* [The task]:
Your job is to copy every record exactly.

* [Extracted information]:
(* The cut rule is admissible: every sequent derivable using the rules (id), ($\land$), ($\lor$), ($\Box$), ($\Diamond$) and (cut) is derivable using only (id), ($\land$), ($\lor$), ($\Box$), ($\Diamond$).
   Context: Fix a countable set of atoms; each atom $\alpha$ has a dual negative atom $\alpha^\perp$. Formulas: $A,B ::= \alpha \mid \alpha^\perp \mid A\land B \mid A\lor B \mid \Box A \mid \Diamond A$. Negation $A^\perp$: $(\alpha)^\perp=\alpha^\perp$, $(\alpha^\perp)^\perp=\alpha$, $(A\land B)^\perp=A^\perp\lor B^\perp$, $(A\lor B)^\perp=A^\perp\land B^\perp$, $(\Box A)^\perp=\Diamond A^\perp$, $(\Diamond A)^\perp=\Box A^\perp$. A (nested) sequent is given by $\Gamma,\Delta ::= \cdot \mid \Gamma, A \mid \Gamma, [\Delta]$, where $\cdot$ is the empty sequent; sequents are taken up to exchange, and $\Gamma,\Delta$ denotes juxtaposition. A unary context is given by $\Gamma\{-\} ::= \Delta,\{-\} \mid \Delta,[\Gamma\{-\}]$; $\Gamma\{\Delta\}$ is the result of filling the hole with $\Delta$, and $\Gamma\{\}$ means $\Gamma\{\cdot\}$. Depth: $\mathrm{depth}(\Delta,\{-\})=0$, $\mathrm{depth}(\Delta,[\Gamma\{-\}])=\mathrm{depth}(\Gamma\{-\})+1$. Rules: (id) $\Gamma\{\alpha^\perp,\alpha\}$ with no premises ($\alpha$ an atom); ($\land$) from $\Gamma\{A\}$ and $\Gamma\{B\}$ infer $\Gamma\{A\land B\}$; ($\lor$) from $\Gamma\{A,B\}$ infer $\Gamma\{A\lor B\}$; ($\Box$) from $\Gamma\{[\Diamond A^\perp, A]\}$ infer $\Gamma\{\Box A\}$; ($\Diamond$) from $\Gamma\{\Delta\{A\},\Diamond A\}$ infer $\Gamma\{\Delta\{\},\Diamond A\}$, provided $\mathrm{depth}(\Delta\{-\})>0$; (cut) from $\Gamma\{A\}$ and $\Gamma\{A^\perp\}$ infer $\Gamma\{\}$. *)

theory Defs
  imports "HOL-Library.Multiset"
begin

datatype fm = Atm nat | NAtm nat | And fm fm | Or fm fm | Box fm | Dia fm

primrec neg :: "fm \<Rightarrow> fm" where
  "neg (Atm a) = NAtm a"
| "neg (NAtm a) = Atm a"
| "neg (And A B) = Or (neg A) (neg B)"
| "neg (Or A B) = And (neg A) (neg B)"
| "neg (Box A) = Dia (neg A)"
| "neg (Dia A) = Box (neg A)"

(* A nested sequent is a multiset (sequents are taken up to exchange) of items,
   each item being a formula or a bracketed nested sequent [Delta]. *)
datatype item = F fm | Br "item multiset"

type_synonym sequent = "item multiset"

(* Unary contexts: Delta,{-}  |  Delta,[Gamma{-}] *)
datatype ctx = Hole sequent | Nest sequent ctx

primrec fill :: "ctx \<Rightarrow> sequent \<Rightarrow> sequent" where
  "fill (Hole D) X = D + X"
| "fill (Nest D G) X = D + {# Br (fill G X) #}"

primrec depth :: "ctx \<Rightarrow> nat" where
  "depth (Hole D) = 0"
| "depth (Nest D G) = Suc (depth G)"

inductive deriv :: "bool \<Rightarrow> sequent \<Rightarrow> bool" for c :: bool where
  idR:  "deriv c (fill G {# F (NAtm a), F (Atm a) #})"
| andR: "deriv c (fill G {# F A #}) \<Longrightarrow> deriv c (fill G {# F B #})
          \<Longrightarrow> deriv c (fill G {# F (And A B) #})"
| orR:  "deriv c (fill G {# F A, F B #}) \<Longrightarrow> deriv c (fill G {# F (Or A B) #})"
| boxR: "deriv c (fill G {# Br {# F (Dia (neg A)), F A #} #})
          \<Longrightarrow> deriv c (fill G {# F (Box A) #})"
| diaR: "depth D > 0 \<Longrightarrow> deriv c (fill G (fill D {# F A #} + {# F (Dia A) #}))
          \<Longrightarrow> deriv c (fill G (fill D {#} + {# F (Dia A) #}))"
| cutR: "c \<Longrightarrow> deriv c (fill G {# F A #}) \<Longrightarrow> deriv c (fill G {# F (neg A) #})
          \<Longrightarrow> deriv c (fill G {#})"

* [Solution for this exercise]:
(* The cut rule is admissible: every sequent derivable using the rules (id), ($\land$), ($\lor$), ($\Box$), ($\Diamond$) and (cut) is derivable using only (id), ($\land$), ($\lor$), ($\Box$), ($\Diamond$).
   Context: Fix a countable set of atoms; each atom $\alpha$ has a dual negative atom $\alpha^\perp$. Formulas: $A,B ::= \alpha \mid \alpha^\perp \mid A\land B \mid A\lor B \mid \Box A \mid \Diamond A$. Negation $A^\perp$: $(\alpha)^\perp=\alpha^\perp$, $(\alpha^\perp)^\perp=\alpha$, $(A\land B)^\perp=A^\perp\lor B^\perp$, $(A\lor B)^\perp=A^\perp\land B^\perp$, $(\Box A)^\perp=\Diamond A^\perp$, $(\Diamond A)^\perp=\Box A^\perp$. A (nested) sequent is given by $\Gamma,\Delta ::= \cdot \mid \Gamma, A \mid \Gamma, [\Delta]$, where $\cdot$ is the empty sequent; sequents are taken up to exchange, and $\Gamma,\Delta$ denotes juxtaposition. A unary context is given by $\Gamma\{-\} ::= \Delta,\{-\} \mid \Delta,[\Gamma\{-\}]$; $\Gamma\{\Delta\}$ is the result of filling the hole with $\Delta$, and $\Gamma\{\}$ means $\Gamma\{\cdot\}$. Depth: $\mathrm{depth}(\Delta,\{-\})=0$, $\mathrm{depth}(\Delta,[\Gamma\{-\}])=\mathrm{depth}(\Gamma\{-\})+1$. Rules: (id) $\Gamma\{\alpha^\perp,\alpha\}$ with no premises ($\alpha$ an atom); ($\land$) from $\Gamma\{A\}$ and $\Gamma\{B\}$ infer $\Gamma\{A\land B\}$; ($\lor$) from $\Gamma\{A,B\}$ infer $\Gamma\{A\lor B\}$; ($\Box$) from $\Gamma\{[\Diamond A^\perp, A]\}$ infer $\Gamma\{\Box A\}$; ($\Diamond$) from $\Gamma\{\Delta\{A\},\Diamond A\}$ infer $\Gamma\{\Delta\{\},\Diamond A\}$, provided $\mathrm{depth}(\Delta\{-\})>0$; (cut) from $\Gamma\{A\}$ and $\Gamma\{A^\perp\}$ infer $\Gamma\{\}$. *)

theory Defs
  imports "HOL-Library.Multiset"
begin

datatype fm = Atm nat | NAtm nat | And fm fm | Or fm fm | Box fm | Dia fm

primrec neg :: "fm \<Rightarrow> fm" where
  "neg (Atm a) = NAtm a"
| "neg (NAtm a) = Atm a"
| "neg (And A B) = Or (neg A) (neg B)"
| "neg (Or A B) = And (neg A) (neg B)"
| "neg (Box A) = Dia (neg A)"
| "neg (Dia A) = Box (neg A)"

(* A nested sequent is a multiset (sequents are taken up to exchange) of items,
   each item being a formula or a bracketed nested sequent [Delta]. *)
datatype item = F fm | Br "item multiset"

type_synonym sequent = "item multiset"

(* Unary contexts: Delta,{-}  |  Delta,[Gamma{-}] *)
datatype ctx = Hole sequent | Nest sequent ctx

primrec fill :: "ctx \<Rightarrow> sequent \<Rightarrow> sequent" where
  "fill (Hole D) X = D + X"
| "fill (Nest D G) X = D + {# Br (fill G X) #}"

primrec depth :: "ctx \<Rightarrow> nat" where
  "depth (Hole D) = 0"
| "depth (Nest D G) = Suc (depth G)"

inductive deriv :: "bool \<Rightarrow> sequent \<Rightarrow> bool" for c :: bool where
  idR:  "deriv c (fill G {# F (NAtm a), F (Atm a) #})"
| andR: "deriv c (fill G {# F A #}) \<Longrightarrow> deriv c (fill G {# F B #})
          \<Longrightarrow> deriv c (fill G {# F (And A B) #})"
| orR:  "deriv c (fill G {# F A, F B #}) \<Longrightarrow> deriv c (fill G {# F (Or A B) #})"
| boxR: "deriv c (fill G {# Br {# F (Dia (neg A)), F A #} #})
          \<Longrightarrow> deriv c (fill G {# F (Box A) #})"
| diaR: "depth D > 0 \<Longrightarrow> deriv c (fill G (fill D {# F A #} + {# F (Dia A) #}))
          \<Longrightarrow> deriv c (fill G (fill D {#} + {# F (Dia A) #}))"
| cutR: "c \<Longrightarrow> deriv c (fill G {# F A #}) \<Longrightarrow> deriv c (fill G {# F (neg A) #})
          \<Longrightarrow> deriv c (fill G {#})"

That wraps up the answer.